▶ **Collected data entries**:
(* Let $R$ be a unital associative ring. For $M\in M_3(R)$: if $M\in{\cal S}$ then $J_2(M)\in{\cal S}$; and if $M\in{\cal S}$ then all square submatrices of $M^{-1}$ are invertible. Furthermore, $${\rm dom}(J)\cap{\rm dom}(J^{-1})={\cal S}\quad\text{and}\quad{\rm dom}(\Phi)\cap{\rm dom}(\Phi^{-1})=\widehat{\cal S}.$$
   Context: $R^*$: units of $R$. $M_3^*(R)$: invertible $3\times3$ matrices; $M_3^\star(R)$: matrices with all entries in $R^*$. $J_1(M)=M^{-1}$ on $M_3^*(R)$; $J_2(M)_{jk}=(M_{kj})^{-1}$ on $M_3^\star(R)$; $J=J_2\circ J_1$, $J^{-1}=J_1\circ J_2$, where $g\circ f$ has domain $\{x\in{\rm dom}(f):f(x)\in{\rm dom}(g)\}$. $\widehat M_3(R)$: matrices whose first row and column consist of $1$'s. For $A=\{a_{j,k}\}\in M_3^\star(R)$: $\Lambda^L(A)_{j,k}=a_{1,1}a_{j,1}^{-1}a_{j,k}a_{1,k}^{-1}$, $\Lambda^R(A)_{j,k}=a_{j,1}^{-1}a_{j,k}a_{1,k}^{-1}a_{1,1}$. $\Phi(A)=J_2(\Lambda^L(A^{-1}))$ with ${\rm dom}(\Phi)={\rm dom}(J)\cap\widehat M_3(R)\cap M_3^\star(R)$; $\Phi^{-1}(A)=\Lambda^R(J^{-1}(A))$ with domain $\widehat M_3(R)\cap\{M\in{\rm dom}(J^{-1}):J^{-1}(M)\in M_3^\star(R)\}$. ${\cal S}=\{M\in M_3(R):$ all square submatrices of $M$ are invertible and $J_2(M)$ is invertible$\}$, $\widehat{\cal S}={\cal S}\cap\widehat M_3(R)$. *)

theory Defs
  imports "HOL-Analysis.Analysis"
begin

definition is_runit :: "'a::ring_1 \<Rightarrow> bool" where
  "is_runit a \<longleftrightarrow> (\<exists>b. a * b = 1 \<and> b * a = 1)"

definition rinv :: "'a::ring_1 \<Rightarrow> 'a" where
  "rinv a = (THE b. a * b = 1 \<and> b * a = 1)"

type_synonym 'a mat3 = "'a ^ 3 ^ 3"

definition submatrix_invertible :: "'a::ring_1 mat3 \<Rightarrow> 3 set \<Rightarrow> 3 set \<Rightarrow> bool" where
  "submatrix_invertible M I J \<longleftrightarrow>
     (\<exists>N :: 3 \<Rightarrow> 3 \<Rightarrow> 'a.
        (\<forall>i\<in>I. \<forall>i'\<in>I. (\<Sum>j\<in>J. M $ i $ j * N j i') = (if i = i' then 1 else 0)) \<and>
        (\<forall>j\<in>J. \<forall>j'\<in>J. (\<Sum>i\<in>I. N j i * M $ i $ j') = (if j = j' then 1 else 0)))"

definition all_square_submatrices_invertible :: "'a::ring_1 mat3 \<Rightarrow> bool" where
  "all_square_submatrices_invertible M \<longleftrightarrow>
     (\<forall>I J. I \<noteq> {} \<and> card I = card J \<longrightarrow> submatrix_invertible M I J)"

text \<open>M_3^*(R): invertible matrices; M_3^star(R): matrices with all entries units.\<close>
definition Minv3 :: "'a::ring_1 mat3 set" where
  "Minv3 = {M. invertible M}"

definition Mstar3 :: "'a::ring_1 mat3 set" where
  "Mstar3 = {M. \<forall>j k. is_runit (M $ j $ k)}"

definition Mhat3 :: "'a::ring_1 mat3 set" where
  "Mhat3 = {M. \<forall>k. M $ 0 $ k = 1 \<and> M $ k $ 0 = 1}"

definition J1 :: "'a::ring_1 mat3 \<Rightarrow> 'a mat3 option" where
  "J1 M = (if M \<in> Minv3 then Some (matrix_inv M) else None)"

definition J2 :: "'a::ring_1 mat3 \<Rightarrow> 'a mat3 option" where
  "J2 M = (if M \<in> Mstar3 then Some (\<chi> j k. rinv (M $ k $ j)) else None)"

definition JJ :: "'a::ring_1 mat3 \<Rightarrow> 'a mat3 option" where
  "JJ = J2 \<circ>\<^sub>m J1"

definition JJinv :: "'a::ring_1 mat3 \<Rightarrow> 'a mat3 option" where
  "JJinv = J1 \<circ>\<^sub>m J2"

definition LamL :: "'a::ring_1 mat3 \<Rightarrow> 'a mat3" where
  "LamL A = (\<chi> j k. A $ 0 $ 0 * rinv (A $ j $ 0) * A $ j $ k * rinv (A $ 0 $ k))"

definition LamR :: "'a::ring_1 mat3 \<Rightarrow> 'a mat3" where
  "LamR A = (\<chi> j k. rinv (A $ j $ 0) * A $ j $ k * rinv (A $ 0 $ k) * A $ 0 $ 0)"

definition Phi :: "'a::ring_1 mat3 \<Rightarrow> 'a mat3 option" where
  "Phi A = (if A \<in> dom JJ \<inter> Mhat3 \<inter> Mstar3 then J2 (LamL (matrix_inv A)) else None)"

definition Phiinv :: "'a::ring_1 mat3 \<Rightarrow> 'a mat3 option" where
  "Phiinv A = (if A \<in> Mhat3 \<and> A \<in> dom JJinv \<and> the (JJinv A) \<in> Mstar3
               then Some (LamR (the (JJinv A))) else None)"

definition SS :: "'a::ring_1 mat3 set" where
  "SS = {M. all_square_submatrices_invertible M \<and> (\<exists>N. J2 M = Some N \<and> invertible N)}"

definition SShat :: "'a::ring_1 mat3 set" where
  "SShat = SS \<inter> Mhat3"

end

theory Submission
  imports Defs
begin

text \<open>The square submatrices of a 3x3 matrix are its entries, its 2x2 blocks and the matrix
  itself. By Jacobi's complementary minors, which over a noncommutative ring are obtained from
  Schur complements, the 2x2 blocks of an invertible \<open>M\<close> are invertible exactly when the
  corresponding entries of \<open>M\<inverse>\<close> are units. Hence all square submatrices of \<open>M\<close> are
  invertible iff \<open>M\<close> is invertible and both \<open>M\<close> and \<open>M\<inverse>\<close> have unit entries, a condition
  symmetric under inversion; adding invertibility of \<open>J\<^sub>2(M)\<close> gives exactly
  \<open>dom J \<inter> dom J\<inverse>\<close>. For \<open>J\<^sub>2\<close>, a 2x2 block of units is invertible iff
  its Schur complement is a unit, and the Schur complements of a block and of its transposed
  entrywise inverse differ by unit factors, so \<open>J\<^sub>2\<close> preserves \<open>\<S>\<close>. For \<open>\<Phi>\<close> the only
  additional point is that \<open>\<Lambda>\<^sup>L\<close> keeps the entries units.\<close>

lemma rinv_eqI:
  assumes "a * b = 1" "b * a = 1"
  shows "is_runit a" "rinv a = b"
proof -
  show "is_runit a" using assms unfolding is_runit_def by blast
  show "rinv a = b" unfolding rinv_def
  proof (rule the_equality)
    fix c assume c: "a * c = 1 \<and> c * a = 1"
    have "c = (b * a) * c" using assms by simp
    also have "\<dots> = b" using c by (simp add: mult.assoc)
    finally show "c = b" .
  qed (use assms in auto)
qed

lemma runit_rinv_mult:
  assumes "is_runit a"
  shows "a * rinv a = 1" "rinv a * a = 1"
  using assms rinv_eqI unfolding is_runit_def by metis+

lemma is_runit_rinv: "is_runit a \<Longrightarrow> is_runit (rinv a)"
  and rinv_rinv: "is_runit a \<Longrightarrow> rinv (rinv a) = a"
  using runit_rinv_mult rinv_eqI by metis+

lemma is_runit_mult:
  assumes "is_runit a" "is_runit b"
  shows "is_runit (a * b)"
proof (rule rinv_eqI)
  show "a * b * (rinv b * rinv a) = 1" "rinv b * rinv a * (a * b) = 1"
    using runit_rinv_mult[OF assms(1)] runit_rinv_mult[OF assms(2)]
    by (metis mult.assoc mult_1_right mult_1_left)+
qed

▶ **Requirement**: Each line from the one that contains "theory Submission" to the end of the data should be set down exactly, both ends included.

▶ **Exercise output**:
theory Submission
  imports Defs
begin

text \<open>The square submatrices of a 3x3 matrix are its entries, its 2x2 blocks and the matrix
  itself. By Jacobi's complementary minors, which over a noncommutative ring are obtained from
  Schur complements, the 2x2 blocks of an invertible \<open>M\<close> are invertible exactly when the
  corresponding entries of \<open>M\<inverse>\<close> are units. Hence all square submatrices of \<open>M\<close> are
  invertible iff \<open>M\<close> is invertible and both \<open>M\<close> and \<open>M\<inverse>\<close> have unit entries, a condition
  symmetric under inversion; adding invertibility of \<open>J\<^sub>2(M)\<close> gives exactly
  \<open>dom J \<inter> dom J\<inverse>\<close>. For \<open>J\<^sub>2\<close>, a 2x2 block of units is invertible iff
  its Schur complement is a unit, and the Schur complements of a block and of its transposed
  entrywise inverse differ by unit factors, so \<open>J\<^sub>2\<close> preserves \<open>\<S>\<close>. For \<open>\<Phi>\<close> the only
  additional point is that \<open>\<Lambda>\<^sup>L\<close> keeps the entries units.\<close>

lemma rinv_eqI:
  assumes "a * b = 1" "b * a = 1"
  shows "is_runit a" "rinv a = b"
proof -
  show "is_runit a" using assms unfolding is_runit_def by blast
  show "rinv a = b" unfolding rinv_def
  proof (rule the_equality)
    fix c assume c: "a * c = 1 \<and> c * a = 1"
    have "c = (b * a) * c" using assms by simp
    also have "\<dots> = b" using c by (simp add: mult.assoc)
    finally show "c = b" .
  qed (use assms in auto)
qed

lemma runit_rinv_mult:
  assumes "is_runit a"
  shows "a * rinv a = 1" "rinv a * a = 1"
  using assms rinv_eqI unfolding is_runit_def by metis+

lemma is_runit_rinv: "is_runit a \<Longrightarrow> is_runit (rinv a)"
  and rinv_rinv: "is_runit a \<Longrightarrow> rinv (rinv a) = a"
  using runit_rinv_mult rinv_eqI by metis+

lemma is_runit_mult:
  assumes "is_runit a" "is_runit b"
  shows "is_runit (a * b)"
proof (rule rinv_eqI)
  show "a * b * (rinv b * rinv a) = 1" "rinv b * rinv a * (a * b) = 1"
    using runit_rinv_mult[OF assms(1)] runit_rinv_mult[OF assms(2)]
    by (metis mult.assoc mult_1_right mult_1_left)+
qed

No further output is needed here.